In the decades before and after the Civil War, Boston was a nexus of abolitionist activity. William Lloyd Garrison published The Liberator, in whose pages abolitionists including Frederick Douglass called for an end to slavery.

Despite the city’s reputation for liberal politics, Blacks living here in the 1800s faced rigid barriers to employment and were often relegated to domestic service and other low-paying menial work.

Historian Jacqueline Jones, a Concord resident who retired from the University of Texas after teaching at Wellesley College and Brandeis University, unearthed the histories of Black activists and laborers and the whites who employed them in her book, “No Right to an Honest Living,” published this year by Basic Books.

Starting with the story of 66 emancipated Blacks who arrived in Boston in 1847 and struggled to find work, Jones uses the stories of individual workers and civil rights advocates to describe the travails Black workers faced in 19th-century Boston.

Pioneering Boston attorney Robert Morris.

The stories of some of the more successful businessmen and entrepreneurs — including pioneering attorney Robert Morris, dance hall owner and barber Joseph Clash, clothier Lewis Hayden and educator-activist James Monroe Trotter — are woven in with those of countless workers who barely eked out a living to paint a picture of a constant struggle against the racist attitudes of white tradesmen and white abolitionists alike.

The following interview with Jones has been edited for brevity.

Boston is often presented as a hub of abolitionist activity. But when you peel back the layers, it’s not at all what people thought it was.

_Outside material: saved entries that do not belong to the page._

lemma cond2_imp_cond3:
  assumes g: "smooth g" and N: "\<forall>k. N k > 0" and "cond2 g L N v0 r C \<rho>"
  shows "cond3 g L N C (cond3_rho r \<rho>)"
proof -
  have v0: "norm v0 = 1" and r: "r > 0" and C: "C > 0" and \<rho>: "\<rho> > 0"
    and bound: "\<And>k x w. x \<in> L \<Longrightarrow> w \<in> ball v0 r \<inter> sphere 0 1 \<Longrightarrow>
                  \<bar>dir_deriv_k k g w x\<bar> \<le> C * \<rho> ^ k * fact k * N k"
    using assms(3) unfolding cond2_def by auto
  define \<delta> where "\<delta> = cone_margin r"
  have \<delta>: "\<delta> > 0" "\<delta> \<le> 1/2" "2 * \<delta> < r"
    using r by (auto simp: \<delta>_def cone_margin_def)
  have "\<bar>iter_partial l g x\<bar> \<le> C * cond3_rho r \<rho> ^ length l * fact (length l) * N (length l)"
    if x: "x \<in> L" for l x
  proof -
    define k where "k = length l"
    have "\<bar>iter_dir_deriv (replicate k u) g x\<bar> \<le> (1 + \<delta>) ^ k * (C * \<rho> ^ k * fact k * N k)"
      if "norm (u - v0) \<le> real k * (\<delta> / real k)" for u
    proof (rule abs_iter_dir_deriv_replicate_le_near[OF g v0 \<delta>(2,3)])
      show "norm (u - v0) \<le> \<delta>"
        using that \<delta>(1) by (cases "k = 0") auto
    qed (rule bound[OF x])
    then have "fact k * (\<delta> / real k) ^ k * \<bar>iter_partial l g x\<bar>
        \<le> 2 ^ k * ((1 + \<delta>) ^ k * (C * \<rho> ^ k * fact k * N k))"
      using abs_iter_partial_le_polarization[OF g, of "\<delta> / real k" v0 l x] \<delta>(1) by (simp add: k_def)
    also have "\<dots> = (2 * (1 + \<delta>) * \<rho>) ^ k * fact k * (C * N k)"
      unfolding power_mult_distrib by (simp only: mult_ac)
    finally have "\<bar>iter_partial l g x\<bar> \<le> (exp 1 * (2 * (1 + \<delta>) * \<rho>) / \<delta>) ^ k * fact k * (C * N k)"
      using \<delta>(1) C N \<rho> by (intro le_of_fact_scaled_bound) (auto intro: less_imp_le)
    then show ?thesis
      by (simp add: k_def cond3_rho_def \<delta>_def algebra_simps)
  qed
  moreover have "cond3_rho r \<rho> > 0"
    using \<delta>(1) \<rho> by (simp add: cond3_rho_def \<delta>_def[symmetric])
  ultimately show ?thesis
    unfolding cond3_def using C ex_count_list_eq partial_alpha_eq_iter_partial[OF g] mi_abs_count_list
    by metis
qed

lemma cond1_imp_cond2: "cond1 g L N C \<rho> \<Longrightarrow> cond2 g L N (axis i 1) 1 C \<rho>"
  unfolding cond1_def cond2_def by (auto simp: norm_axis_1)

theorem proposition7p2:
  fixes f :: "real^'n \<Rightarrow> real" and K :: "(real^'n) set" and M :: "nat \<Rightarrow> real"
  assumes "smooth f" and "compact K" and "\<forall>k. M k > 0"
  shows "((\<exists>C \<rho>. cond1 f K M C \<rho>) \<longleftrightarrow> (\<exists>v0 r C \<rho>. cond2 f K M v0 r C \<rho>))
       \<and> ((\<exists>C \<rho>. cond1 f K M C \<rho>) \<longleftrightarrow> (\<exists>C \<rho>. cond3 f K M C \<rho>))
       \<and> (\<exists>\<Phi>21 :: real \<Rightarrow> real \<Rightarrow> real \<Rightarrow> real \<times> real.
          \<exists>\<Phi>13 \<Phi>31 :: real \<Rightarrow> real \<Rightarrow> real \<times> real.
           (\<forall>(g :: real^'n \<Rightarrow> real) L N v0 r C \<rho>. smooth g \<longrightarrow> compact L \<longrightarrow> (\<forall>k. N k > 0) \<longrightarrow>
               cond2 g L N v0 r C \<rho> \<longrightarrow> cond1 g L N (fst (\<Phi>21 r C \<rho>)) (snd (\<Phi>21 r C \<rho>)))
         \<and> (\<forall>(g :: real^'n \<Rightarrow> real) L N C \<rho>. smooth g \<longrightarrow> compact L \<longrightarrow> (\<forall>k. N k > 0) \<longrightarrow>
               cond1 g L N C \<rho> \<longrightarrow> cond3 g L N (fst (\<Phi>13 C \<rho>)) (snd (\<Phi>13 C \<rho>)))
         \<and> (\<forall>(g :: real^'n \<Rightarrow> real) L N C \<rho>. smooth g \<longrightarrow> compact L \<longrightarrow> (\<forall>k. N k > 0) \<longrightarrow>
               cond3 g L N C \<rho> \<longrightarrow> cond1 g L N (fst (\<Phi>31 C \<rho>)) (snd (\<Phi>31 C \<rho>))))"
proof -
  have cond2_imp_cond1: "cond1 g L N C (real CARD('n) * cond3_rho r \<rho>)"
    if "smooth g" "\<forall>k. N k > 0" "cond2 g L N v0 r C \<rho>" for g :: "real^'n \<Rightarrow> real" and L N v0 r C \<rho>
    using cond3_imp_cond1[OF that(1,2) cond2_imp_cond3[OF that]] .
  have cond1_imp_cond3: "cond3 g L N C (cond3_rho 1 \<rho>)"
    if "smooth g" "\<forall>k. N k > 0" "cond1 g L N C \<rho>" for g :: "real^'n \<Rightarrow> real" and L N C \<rho>
    using cond2_imp_cond3[OF that(1,2) cond1_imp_cond2[OF that(3)]] .
  show ?thesis
  proof (intro conjI)
    show "(\<exists>C \<rho>. cond1 f K M C \<rho>) \<longleftrightarrow> (\<exists>v0 r C \<rho>. cond2 f K M v0 r C \<rho>)"
      using cond1_imp_cond2 cond2_imp_cond1[OF assms(1,3)] by blast
    show "(\<exists>C \<rho>. cond1 f K M C \<rho>) \<longleftrightarrow> (\<exists>C \<rho>. cond3 f K M C \<rho>)"
      using cond1_imp_cond3[OF assms(1,3)] cond3_imp_cond1[OF assms(1,3)] by blast
  qed (rule exI[of _ "\<lambda>r C \<rho>. (C, real CARD('n) * cond3_rho r \<rho>)"],
       rule exI[of _ "\<lambda>C \<rho>. (C, cond3_rho 1 \<rho>)"],
       rule exI[of _ "\<lambda>C \<rho>. (C, real CARD('n) * \<rho>)"],
       use cond2_imp_cond1 cond1_imp_cond3 cond3_imp_cond1 in auto)
qed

Right. I think Boston had a well-earned reputation for being the center of radical abolitionism. William Lloyd Garrison started the Liberator and Anti-Slavery Society. Certainly, Frederick Douglass was associated with Boston. You had Theodore Parker, Wendell Phillips. Actually, abolitionists were in a minority in the city, although they made a lot of noise. They gave a lot of speeches, and they produced newspapers. But what I found was that when it came to an understanding of their Black neighbors, many of these white abolitionists were indifferent or they were openly hostile. They obviously cared more about enslaved people in the South, and we can’t fault them for their courage in standing up for abolitionism at a time when that was not popular among the vast majority of white people, but at the same time, it’s really striking to see how these whites — Garrison, Phillips, Theodore Parker and others — really were not that interested in economic justice for Black Bostonians.

I imagine you came to this project with a sense of that. Did anything that you unearthed surprise you?

Well, I really didn’t know what to expect. A lot of historical literature on the North focuses on civil rights like the right to vote, to serve on juries, for kids to attend integrated schools, [and] the right to intermarriage. Those have been the major issues that historians have looked at when it comes to the North during this period. Nobody that I found really was looking at the issue of work. And I thought that was odd because work is such a central life experience. We know that ordinary Black people — men and women — were consumed with the issue of work because it was so difficult to get a stable job. And there were so many barriers, so many kinds of discrimination. So, I really thought it was worth spending a whole book looking at the issue of work, even though other historians have looked at some of these other civil rights.

You put a lot of attention on individual stories of people, including those involved in criminal enterprises. What was the importance of surfacing some of those stories?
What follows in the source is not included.